Going by Section 2(a) of the D.V. Act, it could be seen that an “aggrieved person” means a woman who is, or has been, in a domestic relationship with respondent and who alleges to have been subjected to any act of domestic violence by the respondent. Similarly, Section 2(f) of the said Act defines domestic relationship. “Domestic relationship” means a relationship between two persons who live or have, at any point of time, lived together in a shared household, when they are related by consanguinity, marriage, or through a relationship in the nature of marriage, adoption or are family members living together as a joint family. On a close dissection of the above definition, it could be seen that the second limb of the definition of domestic relationship assumes much significance. The second limb of the definition specifically signifies that the first limb attracts when they are related by consanguinity, marriage or through a relationship in the nature of marriage, adoption or are family members living together as a joint family. Unless the claimant seeking residence order comes under any of the said relationship, she cannot claim a right to reside in the shared household. In short, the second limb is a condition requisite to make the first limb qualified.

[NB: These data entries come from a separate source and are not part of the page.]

(* For any finite simple graph $G$ of order $n$ with $v_{even}(G)>0$, there is $f\in\mathrm{SEDF}^0(G)$ such that $f(G)\le n-2+v_{even}(G)$; hence $\gamma_s'(G)\le n-2+v_{even}(G)$.
   Context: For $f:E(G)\to\{1,-1\}$, $f(G)=\sum_{e\in E(G)}f(e)$ and $f(v)=\sum_{e\in E_G(v)}f(e)$, where $E_G(v)$ is the set of edges incident with $v$. $\mathrm{SEDF}^0(G)$ is the set of functions $f:E(G)\to\{1,-1\}$ such that (a) $f(v)\ge 0$ for all $v\in V(G)$, and (b) $f(u)+f(v)\ge 2$ for every edge $uv$ with $f(uv)=1$. A signed edge domination function (SEDF) is $f:E(G)\to\{1,-1\}$ with $\sum_{e'\in E_G(u)\cup E_G(v)}f(e')\ge1$ for every edge $uv$; $\gamma_s'(G)$ is the minimum of $f(G)$ over all SEDFs. $v_{even}(G)$ is the number of vertices of even degree in $G$. *)

theory Defs
  imports Main
begin

definition simple_graph :: "'a set \<Rightarrow> 'a set set \<Rightarrow> bool" where
  "simple_graph V E \<longleftrightarrow> finite V \<and> (\<forall>e\<in>E. \<exists>u v. u \<noteq> v \<and> u \<in> V \<and> v \<in> V \<and> e = {u, v})"

definition inc_edges :: "'a set set \<Rightarrow> 'a \<Rightarrow> 'a set set" where
  "inc_edges E v = {e \<in> E. v \<in> e}"

definition degree :: "'a set set \<Rightarrow> 'a \<Rightarrow> nat" where
  "degree E v = card (inc_edges E v)"

definition v_even :: "'a set \<Rightarrow> 'a set set \<Rightarrow> nat" where
  "v_even V E = card {v \<in> V. even (degree E v)}"

definition fG :: "'a set set \<Rightarrow> ('a set \<Rightarrow> int) \<Rightarrow> int" where
  "fG E f = (\<Sum>e\<in>E. f e)"

definition fv :: "'a set set \<Rightarrow> ('a set \<Rightarrow> int) \<Rightarrow> 'a \<Rightarrow> int" where
  "fv E f v = (\<Sum>e\<in>inc_edges E v. f e)"

definition signed_edge_fun :: "'a set set \<Rightarrow> ('a set \<Rightarrow> int) \<Rightarrow> bool" where
  "signed_edge_fun E f \<longleftrightarrow> (\<forall>e\<in>E. f e = 1 \<or> f e = -1)"

definition SEDF0 :: "'a set \<Rightarrow> 'a set set \<Rightarrow> ('a set \<Rightarrow> int) \<Rightarrow> bool" where
  "SEDF0 V E f \<longleftrightarrow> signed_edge_fun E f
     \<and> (\<forall>v\<in>V. fv E f v \<ge> 0)
     \<and> (\<forall>u v. {u, v} \<in> E \<and> f {u, v} = 1 \<longrightarrow> fv E f u + fv E f v \<ge> 2)"

definition SEDF :: "'a set set \<Rightarrow> ('a set \<Rightarrow> int) \<Rightarrow> bool" where
  "SEDF E f \<longleftrightarrow> signed_edge_fun E f
     \<and> (\<forall>u v. {u, v} \<in> E \<longrightarrow> (\<Sum>e\<in>inc_edges E u \<union> inc_edges E v. f e) \<ge> 1)"

text \<open>Signed edge domination number: minimum of f(G) over all SEDFs.
  Only values on E matter, so the set of values is finite.\<close>
definition gamma_s' :: "'a set set \<Rightarrow> int" where
  "gamma_s' E = Min {fG E f | f. SEDF E f}"

end

theory Submission
  imports Defs
begin

text \<open>
  Let the demand \<open>\<mu> v\<close> be the least positive integer of the parity of \<open>deg v\<close>, or \<open>0\<close> if \<open>v\<close> is
  isolated.
  Joining a new vertex \<open>w\<close> to every \<open>v\<close> by \<open>\<mu> v\<close> parallel edges makes all degrees except that of
  \<open>w\<close> even, so repeatedly splitting off pairs of edges yields a \<open>\<plusminus>1\<close> signing summing to zero at
  every vertex but \<open>w\<close>. Restricted to \<open>G\<close> it satisfies \<open>|f(v)| \<le> \<mu> v\<close>, and after a global sign
  change \<open>f(G) \<ge> 0\<close>. Flipping negative edges at vertices with \<open>f(v) < \<mu> v\<close> reaches \<open>f(v) \<ge> \<mu> v\<close>,
  which puts \<open>f\<close> in \<open>SEDF\<^sup>0(G)\<close>, and raises \<open>f(G)\<close> by at most \<open>\<Sum>(\<mu> v - f(v)) = \<Sum>\<mu> v - 2 f(G)\<close>;
  so in the end \<open>f(G) \<le> \<Sum>\<mu> v \<le> n + v\<^sub>e\<^sub>v\<^sub>e\<^sub>n\<close>. The missing \<open>-2\<close> comes from an isolated even vertex if
  every even vertex is isolated. Otherwise some \<open>r\<close> of positive even degree has neighbours \<open>y \<noteq> y'\<close>;
  fixing \<open>f(ry) = f(ry') = 1\<close> and treating the rest of the graph as above covers four units of
  demand at a cost of two.
\<close>

section \<open>Balanced signings of multigraphs\<close>

definition incident :: "'e set \<Rightarrow> ('e \<Rightarrow> 'v set) \<Rightarrow> 'v \<Rightarrow> 'e set" where
  "incident E ends v = {e \<in> E. v \<in> ends e}"

definition linked :: "'e set \<Rightarrow> ('e \<Rightarrow> 'v set) \<Rightarrow> 'v rel" where
  "linked E ends = {(u, v). \<exists>e\<in>E. u \<in> ends e \<and> v \<in> ends e}"

definition reachable :: "'e set \<Rightarrow> ('e \<Rightarrow> 'v set) \<Rightarrow> 'v \<Rightarrow> 'v set" where
  "reachable E ends w = {v. (w, v) \<in> (linked E ends)\<^sup>*}"

lemma reachable_refl [simp]: "w \<in> reachable E ends w"
  by (simp add: reachable_def)

lemma reachable_step:
  "\<lbrakk>u \<in> reachable E ends w; e \<in> E; u \<in> ends e; v \<in> ends e\<rbrakk> \<Longrightarrow> v \<in> reachable E ends w"
  unfolding reachable_def linked_def by (auto intro: rtrancl_into_rtrancl)

lemma reachable_sym: "v \<in> reachable E ends w \<Longrightarrow> w \<in> reachable E ends v"
proof -
  have "(linked E ends)\<inverse> = linked E ends"
    unfolding linked_def by auto
  then show "v \<in> reachable E ends w \<Longrightarrow> w \<in> reachable E ends v"
    unfolding reachable_def by (metis mem_Collect_eq rtrancl_converseI)
qed

lemma reachable_subset:
  assumes "w \<in> S" and "\<And>e u. \<lbrakk>e \<in> E; u \<in> ends e; u \<in> S\<rbrakk> \<Longrightarrow> ends e \<subseteq> S"
  shows "reachable E ends w \<subseteq> S"
proof
  fix v assume "v \<in> reachable E ends w"
  then have "(w, v) \<in> (linked E ends)\<^sup>*"
    by (simp add: reachable_def)
  then show "v \<in> S"
  proof (induction rule: rtrancl_induct)
    case base
    show ?case using assms(1) .
  next
    case (step u v)
    then obtain e where "e \<in> E" "u \<in> ends e" "v \<in> ends e"
      by (auto simp: linked_def)
    with step.IH assms(2) show ?case by blast
  qed
qed

lemma reachable_mono:
  assumes "E \<subseteq> E'" and "\<And>e. e \<in> E \<Longrightarrow> ends e = ends' e"
  shows "reachable E ends w \<subseteq> reachable E' ends' w"
proof -
  have "linked E ends \<subseteq> linked E' ends'"
    using assms unfolding linked_def by fastforce
  then show ?thesis
    unfolding reachable_def using rtrancl_mono by blast
qed

lemma sum_card_incident:
  assumes "finite E" and "finite C"
  shows "(\<Sum>v\<in>C. card (incident E ends v)) = (\<Sum>e\<in>E. card (ends e \<inter> C))"
proof -
  have "(\<Sum>v\<in>C. card (incident E ends v)) = (\<Sum>v\<in>C. \<Sum>e\<in>E. if v \<in> ends e then 1 else 0)"
    using assms by (simp add: incident_def sum.If_cases Int_def)
  also have "\<dots> = (\<Sum>e\<in>E. \<Sum>v\<in>C. if v \<in> ends e then 1 else 0)"
    by (rule sum.swap)
  also have "\<dots> = (\<Sum>e\<in>E. card (ends e \<inter> C))"
    using assms by (simp add: sum.If_cases Int_commute)
  finally show ?thesis .
qed

text \<open>Handshake parity inside the component of an odd vertex \<open>a\<close>: it must contain a second odd
  vertex, and \<open>w\<close> is the only candidate.\<close>
lemma odd_vertex_reachable:
  assumes fin: "finite E" and two: "\<forall>e\<in>E. card (ends e) = 2"
    and odd_a: "odd (card (incident E ends a))"
    and even: "\<And>v. v \<noteq> a \<Longrightarrow> v \<noteq> w \<Longrightarrow> even (card (incident E ends v))"
  shows "a \<in> reachable E ends w"
proof (rule ccontr)
  assume "a \<notin> reachable E ends w"
  define C where "C = reachable E ends a"
  have "w \<notin> C"
    using \<open>a \<notin> reachable E ends w\<close> reachable_sym unfolding C_def by fastforce
  have "a \<in> C"
    by (simp add: C_def)
  have "finite C"
  proof (rule finite_subset)
    show "C \<subseteq> insert a (\<Union>(ends ` E))"
      unfolding C_def by (rule reachable_subset) auto
    show "finite (insert a (\<Union>(ends ` E)))"
      using fin two by (auto intro: card_ge_0_finite)
  qed
  have "even (card (ends e \<inter> C))" if "e \<in> E" for e
  proof (cases "ends e \<inter> C = {}")
    case False
    then have "ends e \<subseteq> C"
      using that reachable_step unfolding C_def by fast
    then show ?thesis
      using that two by (simp add: Int_absorb2)
  qed simp
  then have "even (\<Sum>v\<in>C. card (incident E ends v))"
    by (simp add: sum_card_incident[OF fin \<open>finite C\<close>] dvd_sum)
  moreover have "even (\<Sum>v\<in>C - {a}. card (incident E ends v))"
    using even \<open>w \<notin> C\<close> by (intro dvd_sum) blast
  ultimately show False
    using odd_a \<open>finite C\<close> \<open>a \<in> C\<close> by (simp add: sum.remove)
qed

In the instant case, admittedly, the marriage was broken and severance of relationship was effected forever by the divorce decree obtained from the competent court. Therefore, the status of the 1st respondent is nothing other than a divorced wife. Consequently, in the absence of domestic relationship, the divorced wife would not come under the aggrieved person also. Needless to say, after the divorce, a wife cannot claim right under the marriage, except the right to maintenance provided under Section 125 of the Code of Criminal Procedure. Therefore, I find that, a divorced wife does not satisfy the second limb of the definition of the domestic relationship. It can be held that a divorced wife is not entitled to get any of the reliefs under Section 19 of the D.V. Act. Consequently, I am inclined to set aside the reliefs provided under Section 19 of the D.V. Act in the instant case and I do so.
10. Coming to the maintenance portion of the impugned order, the learned counsel for the revision petitioner submits that the children are major and they have attained majority after the pronouncement of the order under challenge. So, they are not entitled to get maintenance after attaining majority. The learned counsel for the 1st respondent also agrees with the said submission that now they have attained majority after the pronouncement of the impugned order and they are not claiming maintenance for a period after attaining majority. Therefore, I find that the children have no right to get maintenance allowance after attaining majority. But, regarding the right of the 1st respondent, I find that there is no reason to interfere with the said finding. The direction to pay Rs.2,000/- per month is just and proper when considering the standard of life and cost of living of a person. Therefore, the said direction does not call for any interference.
11. The learned counsel for the 1st respondent points out that the 1st respondent has a claim over the property, as the property was purchased using her money also. So, I make it clear that this order will not stand in the way of resorting to her remedies, if any, before the competent civil court.
The Revision Petition is allowed in part.